■ Saved data entries:
+---+

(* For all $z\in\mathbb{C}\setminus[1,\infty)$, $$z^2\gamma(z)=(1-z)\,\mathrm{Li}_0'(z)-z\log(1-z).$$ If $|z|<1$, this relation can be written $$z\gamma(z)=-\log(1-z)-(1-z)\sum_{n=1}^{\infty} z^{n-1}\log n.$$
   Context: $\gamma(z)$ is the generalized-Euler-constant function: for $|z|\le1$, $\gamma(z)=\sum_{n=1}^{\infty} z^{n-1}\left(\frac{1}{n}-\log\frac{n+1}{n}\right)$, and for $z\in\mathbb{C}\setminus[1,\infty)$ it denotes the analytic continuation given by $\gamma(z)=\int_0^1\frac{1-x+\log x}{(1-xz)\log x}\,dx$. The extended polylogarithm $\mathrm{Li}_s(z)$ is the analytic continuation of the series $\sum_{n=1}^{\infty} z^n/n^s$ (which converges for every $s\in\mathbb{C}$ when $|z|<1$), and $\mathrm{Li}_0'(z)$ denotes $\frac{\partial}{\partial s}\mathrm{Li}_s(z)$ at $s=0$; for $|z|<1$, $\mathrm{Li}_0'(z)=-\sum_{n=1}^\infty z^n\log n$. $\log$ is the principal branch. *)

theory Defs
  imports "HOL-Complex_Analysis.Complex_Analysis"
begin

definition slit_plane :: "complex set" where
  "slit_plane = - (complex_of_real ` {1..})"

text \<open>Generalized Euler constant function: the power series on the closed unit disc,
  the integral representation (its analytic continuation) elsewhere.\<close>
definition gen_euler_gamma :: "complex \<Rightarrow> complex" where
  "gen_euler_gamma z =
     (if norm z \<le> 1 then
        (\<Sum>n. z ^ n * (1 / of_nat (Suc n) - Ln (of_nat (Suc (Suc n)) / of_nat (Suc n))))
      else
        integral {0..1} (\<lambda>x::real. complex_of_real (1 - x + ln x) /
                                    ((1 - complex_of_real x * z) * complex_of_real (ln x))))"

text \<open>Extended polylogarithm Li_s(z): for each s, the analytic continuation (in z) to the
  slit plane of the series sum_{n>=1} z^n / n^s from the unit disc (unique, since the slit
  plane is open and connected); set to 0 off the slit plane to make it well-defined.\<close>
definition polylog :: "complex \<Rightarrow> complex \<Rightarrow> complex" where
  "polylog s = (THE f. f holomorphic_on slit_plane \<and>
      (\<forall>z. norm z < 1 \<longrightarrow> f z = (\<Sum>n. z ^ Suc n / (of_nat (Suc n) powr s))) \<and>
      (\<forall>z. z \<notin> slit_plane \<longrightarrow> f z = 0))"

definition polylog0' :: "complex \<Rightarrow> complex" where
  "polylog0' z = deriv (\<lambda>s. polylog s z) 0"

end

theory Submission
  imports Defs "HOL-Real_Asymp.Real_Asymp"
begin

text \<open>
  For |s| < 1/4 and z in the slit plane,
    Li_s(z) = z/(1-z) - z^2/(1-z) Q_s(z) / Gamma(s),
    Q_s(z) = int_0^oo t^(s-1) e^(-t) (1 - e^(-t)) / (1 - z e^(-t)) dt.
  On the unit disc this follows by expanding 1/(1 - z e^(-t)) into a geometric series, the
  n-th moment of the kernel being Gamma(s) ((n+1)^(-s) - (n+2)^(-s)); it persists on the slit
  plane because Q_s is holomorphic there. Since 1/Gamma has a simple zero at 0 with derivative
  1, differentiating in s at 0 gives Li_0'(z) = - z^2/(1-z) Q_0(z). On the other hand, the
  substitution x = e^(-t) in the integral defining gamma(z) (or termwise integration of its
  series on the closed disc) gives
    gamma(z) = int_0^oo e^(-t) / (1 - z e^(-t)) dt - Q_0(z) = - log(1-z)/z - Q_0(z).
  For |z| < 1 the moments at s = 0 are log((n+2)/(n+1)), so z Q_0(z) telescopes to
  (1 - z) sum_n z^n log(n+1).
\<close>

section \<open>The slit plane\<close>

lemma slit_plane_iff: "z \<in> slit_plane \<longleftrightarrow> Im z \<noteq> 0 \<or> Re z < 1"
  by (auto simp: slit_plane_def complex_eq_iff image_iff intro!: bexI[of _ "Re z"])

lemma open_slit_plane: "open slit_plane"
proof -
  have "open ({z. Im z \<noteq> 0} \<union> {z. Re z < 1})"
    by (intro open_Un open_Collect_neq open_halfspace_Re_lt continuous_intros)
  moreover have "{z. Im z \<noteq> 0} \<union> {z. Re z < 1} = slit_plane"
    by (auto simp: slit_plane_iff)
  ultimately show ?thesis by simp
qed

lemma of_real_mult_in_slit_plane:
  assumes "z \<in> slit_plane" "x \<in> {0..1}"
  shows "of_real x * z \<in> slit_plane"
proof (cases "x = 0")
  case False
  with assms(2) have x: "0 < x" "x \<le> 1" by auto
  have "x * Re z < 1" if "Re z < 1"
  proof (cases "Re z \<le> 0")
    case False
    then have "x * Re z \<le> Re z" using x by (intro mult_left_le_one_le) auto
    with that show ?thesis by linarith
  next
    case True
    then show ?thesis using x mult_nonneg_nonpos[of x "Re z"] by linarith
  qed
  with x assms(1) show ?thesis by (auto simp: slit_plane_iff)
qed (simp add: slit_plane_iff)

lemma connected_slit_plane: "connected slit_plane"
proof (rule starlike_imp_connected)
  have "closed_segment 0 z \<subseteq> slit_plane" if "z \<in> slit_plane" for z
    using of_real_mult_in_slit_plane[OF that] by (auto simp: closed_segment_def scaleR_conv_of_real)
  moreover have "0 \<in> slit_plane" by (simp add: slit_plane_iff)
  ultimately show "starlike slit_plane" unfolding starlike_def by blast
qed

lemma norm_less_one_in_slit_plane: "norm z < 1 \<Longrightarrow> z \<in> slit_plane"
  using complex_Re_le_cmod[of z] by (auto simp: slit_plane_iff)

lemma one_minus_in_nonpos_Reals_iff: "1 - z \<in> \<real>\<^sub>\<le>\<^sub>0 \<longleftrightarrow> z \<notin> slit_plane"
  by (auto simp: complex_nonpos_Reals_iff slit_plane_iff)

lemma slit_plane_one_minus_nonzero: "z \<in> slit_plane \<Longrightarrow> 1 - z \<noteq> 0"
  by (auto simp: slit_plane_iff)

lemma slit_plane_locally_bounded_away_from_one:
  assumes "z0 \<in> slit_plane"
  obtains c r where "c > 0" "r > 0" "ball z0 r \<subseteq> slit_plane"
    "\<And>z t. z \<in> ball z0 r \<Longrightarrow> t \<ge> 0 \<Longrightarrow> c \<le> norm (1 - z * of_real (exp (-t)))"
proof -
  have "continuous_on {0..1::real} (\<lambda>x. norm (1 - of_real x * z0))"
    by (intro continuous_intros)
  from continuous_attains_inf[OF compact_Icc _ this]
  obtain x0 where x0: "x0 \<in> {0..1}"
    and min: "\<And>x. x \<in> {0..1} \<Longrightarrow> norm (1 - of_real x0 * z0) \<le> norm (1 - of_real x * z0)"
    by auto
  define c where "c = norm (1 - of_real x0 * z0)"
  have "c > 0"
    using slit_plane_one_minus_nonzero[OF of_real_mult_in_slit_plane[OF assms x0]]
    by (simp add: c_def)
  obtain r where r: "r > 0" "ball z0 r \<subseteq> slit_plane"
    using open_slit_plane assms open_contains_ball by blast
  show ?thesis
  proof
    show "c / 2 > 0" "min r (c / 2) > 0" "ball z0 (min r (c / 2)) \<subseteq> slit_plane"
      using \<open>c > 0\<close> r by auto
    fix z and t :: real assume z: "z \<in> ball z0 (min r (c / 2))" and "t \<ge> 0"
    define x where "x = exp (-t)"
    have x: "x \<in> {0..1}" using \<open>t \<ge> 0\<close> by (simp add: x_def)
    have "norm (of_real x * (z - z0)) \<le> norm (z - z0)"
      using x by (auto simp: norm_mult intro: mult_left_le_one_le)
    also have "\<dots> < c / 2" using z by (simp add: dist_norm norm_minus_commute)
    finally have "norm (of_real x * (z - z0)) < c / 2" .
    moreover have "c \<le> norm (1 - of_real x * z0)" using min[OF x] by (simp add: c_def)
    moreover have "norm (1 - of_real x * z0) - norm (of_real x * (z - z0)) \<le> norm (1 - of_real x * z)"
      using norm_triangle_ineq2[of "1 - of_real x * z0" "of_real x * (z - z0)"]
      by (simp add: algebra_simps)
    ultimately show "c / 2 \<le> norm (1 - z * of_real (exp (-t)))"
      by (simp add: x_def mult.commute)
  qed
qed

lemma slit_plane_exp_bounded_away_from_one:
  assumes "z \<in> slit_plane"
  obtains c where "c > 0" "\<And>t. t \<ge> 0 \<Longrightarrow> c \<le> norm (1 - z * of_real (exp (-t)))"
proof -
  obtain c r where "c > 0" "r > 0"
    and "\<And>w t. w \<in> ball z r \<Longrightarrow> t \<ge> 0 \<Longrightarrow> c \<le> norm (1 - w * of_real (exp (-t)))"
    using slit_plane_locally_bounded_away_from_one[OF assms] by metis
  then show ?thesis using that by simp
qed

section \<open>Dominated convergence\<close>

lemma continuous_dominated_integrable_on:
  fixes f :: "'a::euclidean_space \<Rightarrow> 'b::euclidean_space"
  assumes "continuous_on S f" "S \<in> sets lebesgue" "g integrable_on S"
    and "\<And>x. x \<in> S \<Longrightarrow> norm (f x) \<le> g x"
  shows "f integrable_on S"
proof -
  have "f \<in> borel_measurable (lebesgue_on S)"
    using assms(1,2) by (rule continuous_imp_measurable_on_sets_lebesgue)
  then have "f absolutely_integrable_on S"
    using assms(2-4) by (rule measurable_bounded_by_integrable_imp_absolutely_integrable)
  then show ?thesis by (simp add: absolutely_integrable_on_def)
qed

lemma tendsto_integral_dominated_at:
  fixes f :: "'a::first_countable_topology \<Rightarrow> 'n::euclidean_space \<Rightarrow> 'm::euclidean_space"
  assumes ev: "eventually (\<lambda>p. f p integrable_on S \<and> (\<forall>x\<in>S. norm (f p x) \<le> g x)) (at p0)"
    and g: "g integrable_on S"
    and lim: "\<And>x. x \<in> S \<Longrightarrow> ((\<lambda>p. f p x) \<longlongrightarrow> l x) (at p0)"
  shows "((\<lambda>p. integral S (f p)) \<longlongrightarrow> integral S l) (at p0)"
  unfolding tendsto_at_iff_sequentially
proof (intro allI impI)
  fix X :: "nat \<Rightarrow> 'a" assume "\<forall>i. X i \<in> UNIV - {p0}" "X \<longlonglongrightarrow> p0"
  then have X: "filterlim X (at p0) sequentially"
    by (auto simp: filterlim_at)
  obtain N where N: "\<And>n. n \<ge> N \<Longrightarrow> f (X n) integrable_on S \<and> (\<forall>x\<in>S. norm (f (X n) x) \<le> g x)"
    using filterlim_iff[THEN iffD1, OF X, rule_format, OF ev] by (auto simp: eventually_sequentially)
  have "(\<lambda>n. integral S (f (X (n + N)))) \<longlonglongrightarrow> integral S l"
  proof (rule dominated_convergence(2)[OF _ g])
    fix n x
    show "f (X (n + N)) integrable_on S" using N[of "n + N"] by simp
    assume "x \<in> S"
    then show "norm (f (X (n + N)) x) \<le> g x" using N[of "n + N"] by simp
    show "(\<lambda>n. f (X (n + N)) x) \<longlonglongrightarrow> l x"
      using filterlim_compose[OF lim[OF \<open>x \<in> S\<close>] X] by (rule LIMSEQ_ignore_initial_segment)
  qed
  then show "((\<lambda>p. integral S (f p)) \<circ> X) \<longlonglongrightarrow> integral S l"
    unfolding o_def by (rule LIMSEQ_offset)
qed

+---+

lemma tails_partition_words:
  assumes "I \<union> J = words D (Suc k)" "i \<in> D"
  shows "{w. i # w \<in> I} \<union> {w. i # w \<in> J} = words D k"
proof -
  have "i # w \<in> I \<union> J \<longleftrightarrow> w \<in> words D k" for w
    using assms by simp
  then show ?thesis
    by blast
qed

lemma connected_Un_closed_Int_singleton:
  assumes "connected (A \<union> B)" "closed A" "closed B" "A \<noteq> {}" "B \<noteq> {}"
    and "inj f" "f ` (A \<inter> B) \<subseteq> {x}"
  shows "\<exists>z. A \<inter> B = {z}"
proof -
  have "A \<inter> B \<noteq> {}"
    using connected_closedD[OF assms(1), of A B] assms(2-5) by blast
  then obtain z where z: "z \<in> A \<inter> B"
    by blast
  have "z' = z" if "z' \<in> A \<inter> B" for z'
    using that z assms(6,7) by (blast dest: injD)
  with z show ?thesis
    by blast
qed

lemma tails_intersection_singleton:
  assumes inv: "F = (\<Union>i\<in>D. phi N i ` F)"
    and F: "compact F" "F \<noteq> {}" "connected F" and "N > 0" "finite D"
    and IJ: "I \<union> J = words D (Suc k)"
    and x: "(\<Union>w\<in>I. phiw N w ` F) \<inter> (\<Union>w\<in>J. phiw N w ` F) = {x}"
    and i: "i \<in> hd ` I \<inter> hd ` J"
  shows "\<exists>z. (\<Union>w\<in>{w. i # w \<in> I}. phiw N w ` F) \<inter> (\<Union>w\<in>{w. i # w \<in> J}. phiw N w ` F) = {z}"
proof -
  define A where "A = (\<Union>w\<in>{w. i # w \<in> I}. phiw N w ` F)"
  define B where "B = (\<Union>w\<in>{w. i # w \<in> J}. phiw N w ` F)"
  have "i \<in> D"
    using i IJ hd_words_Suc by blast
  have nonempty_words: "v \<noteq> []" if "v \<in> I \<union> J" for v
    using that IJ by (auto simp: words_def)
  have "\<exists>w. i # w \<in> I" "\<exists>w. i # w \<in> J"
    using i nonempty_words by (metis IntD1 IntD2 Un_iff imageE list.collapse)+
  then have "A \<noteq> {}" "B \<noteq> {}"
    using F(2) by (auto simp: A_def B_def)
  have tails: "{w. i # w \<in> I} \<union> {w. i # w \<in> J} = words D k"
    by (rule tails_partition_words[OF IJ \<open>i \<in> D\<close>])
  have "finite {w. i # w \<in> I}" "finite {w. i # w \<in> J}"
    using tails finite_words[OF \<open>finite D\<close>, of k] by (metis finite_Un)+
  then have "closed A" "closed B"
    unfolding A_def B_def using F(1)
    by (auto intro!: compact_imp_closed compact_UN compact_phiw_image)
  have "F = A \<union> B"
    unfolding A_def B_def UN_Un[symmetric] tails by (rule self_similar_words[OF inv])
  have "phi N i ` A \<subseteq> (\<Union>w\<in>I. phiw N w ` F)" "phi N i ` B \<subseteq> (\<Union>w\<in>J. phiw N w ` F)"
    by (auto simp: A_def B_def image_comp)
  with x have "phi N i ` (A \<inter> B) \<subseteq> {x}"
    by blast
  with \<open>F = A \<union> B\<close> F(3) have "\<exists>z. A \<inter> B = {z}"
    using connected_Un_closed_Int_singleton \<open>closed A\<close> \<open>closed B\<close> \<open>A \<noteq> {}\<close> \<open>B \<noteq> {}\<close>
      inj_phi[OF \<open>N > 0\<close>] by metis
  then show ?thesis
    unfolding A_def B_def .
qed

+---+

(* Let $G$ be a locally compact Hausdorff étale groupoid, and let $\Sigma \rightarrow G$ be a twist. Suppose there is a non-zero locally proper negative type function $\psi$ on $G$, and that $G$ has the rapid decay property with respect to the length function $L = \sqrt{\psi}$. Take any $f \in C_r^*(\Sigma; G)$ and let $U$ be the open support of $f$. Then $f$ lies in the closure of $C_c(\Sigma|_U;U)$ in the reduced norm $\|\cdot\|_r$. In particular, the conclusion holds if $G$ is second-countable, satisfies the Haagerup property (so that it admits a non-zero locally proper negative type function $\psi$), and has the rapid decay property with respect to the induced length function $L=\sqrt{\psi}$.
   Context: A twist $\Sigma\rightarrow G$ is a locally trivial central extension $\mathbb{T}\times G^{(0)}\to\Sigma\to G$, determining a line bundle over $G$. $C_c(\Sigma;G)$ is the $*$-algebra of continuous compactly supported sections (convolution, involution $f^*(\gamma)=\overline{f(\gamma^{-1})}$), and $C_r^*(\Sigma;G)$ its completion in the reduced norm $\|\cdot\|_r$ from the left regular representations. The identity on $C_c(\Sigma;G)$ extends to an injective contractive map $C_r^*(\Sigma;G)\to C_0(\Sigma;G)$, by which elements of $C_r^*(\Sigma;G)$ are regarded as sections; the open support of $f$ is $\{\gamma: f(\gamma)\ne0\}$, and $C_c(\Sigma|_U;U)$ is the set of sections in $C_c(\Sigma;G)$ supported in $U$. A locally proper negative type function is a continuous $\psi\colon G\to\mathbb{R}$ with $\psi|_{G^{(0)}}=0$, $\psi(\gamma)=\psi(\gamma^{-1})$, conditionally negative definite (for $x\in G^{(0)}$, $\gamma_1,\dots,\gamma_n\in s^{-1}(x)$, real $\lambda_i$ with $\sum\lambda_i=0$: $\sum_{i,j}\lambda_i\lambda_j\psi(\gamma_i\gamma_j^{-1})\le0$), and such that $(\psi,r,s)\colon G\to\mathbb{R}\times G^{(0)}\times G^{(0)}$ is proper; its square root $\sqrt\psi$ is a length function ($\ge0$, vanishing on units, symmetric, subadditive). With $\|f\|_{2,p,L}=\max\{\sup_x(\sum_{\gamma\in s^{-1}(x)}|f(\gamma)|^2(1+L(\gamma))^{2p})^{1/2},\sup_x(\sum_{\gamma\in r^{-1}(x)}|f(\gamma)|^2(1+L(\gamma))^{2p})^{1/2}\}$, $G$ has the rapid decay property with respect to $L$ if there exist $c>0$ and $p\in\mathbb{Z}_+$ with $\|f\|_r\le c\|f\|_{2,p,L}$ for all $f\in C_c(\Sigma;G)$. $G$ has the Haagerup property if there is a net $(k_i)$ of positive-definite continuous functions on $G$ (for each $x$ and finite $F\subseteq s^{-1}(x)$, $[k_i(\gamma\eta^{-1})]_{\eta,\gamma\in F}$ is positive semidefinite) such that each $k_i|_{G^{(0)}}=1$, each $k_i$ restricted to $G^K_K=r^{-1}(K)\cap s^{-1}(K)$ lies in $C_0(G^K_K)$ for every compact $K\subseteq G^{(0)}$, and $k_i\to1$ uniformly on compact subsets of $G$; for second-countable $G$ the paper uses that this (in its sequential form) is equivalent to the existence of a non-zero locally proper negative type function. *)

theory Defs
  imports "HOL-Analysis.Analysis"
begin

+---+

■ TASK PROMPT: Check all the records above and select each line where the string "unfolding" is found.

■ EXPECTED ANSWER:
  ultimately show "starlike slit_plane" unfolding starlike_def by blast
  unfolding tendsto_at_iff_sequentially
    unfolding o_def by (rule LIMSEQ_offset)
    unfolding A_def B_def using F(1)
    unfolding A_def B_def UN_Un[symmetric] tails by (rule self_similar_words[OF inv])
    unfolding A_def B_def .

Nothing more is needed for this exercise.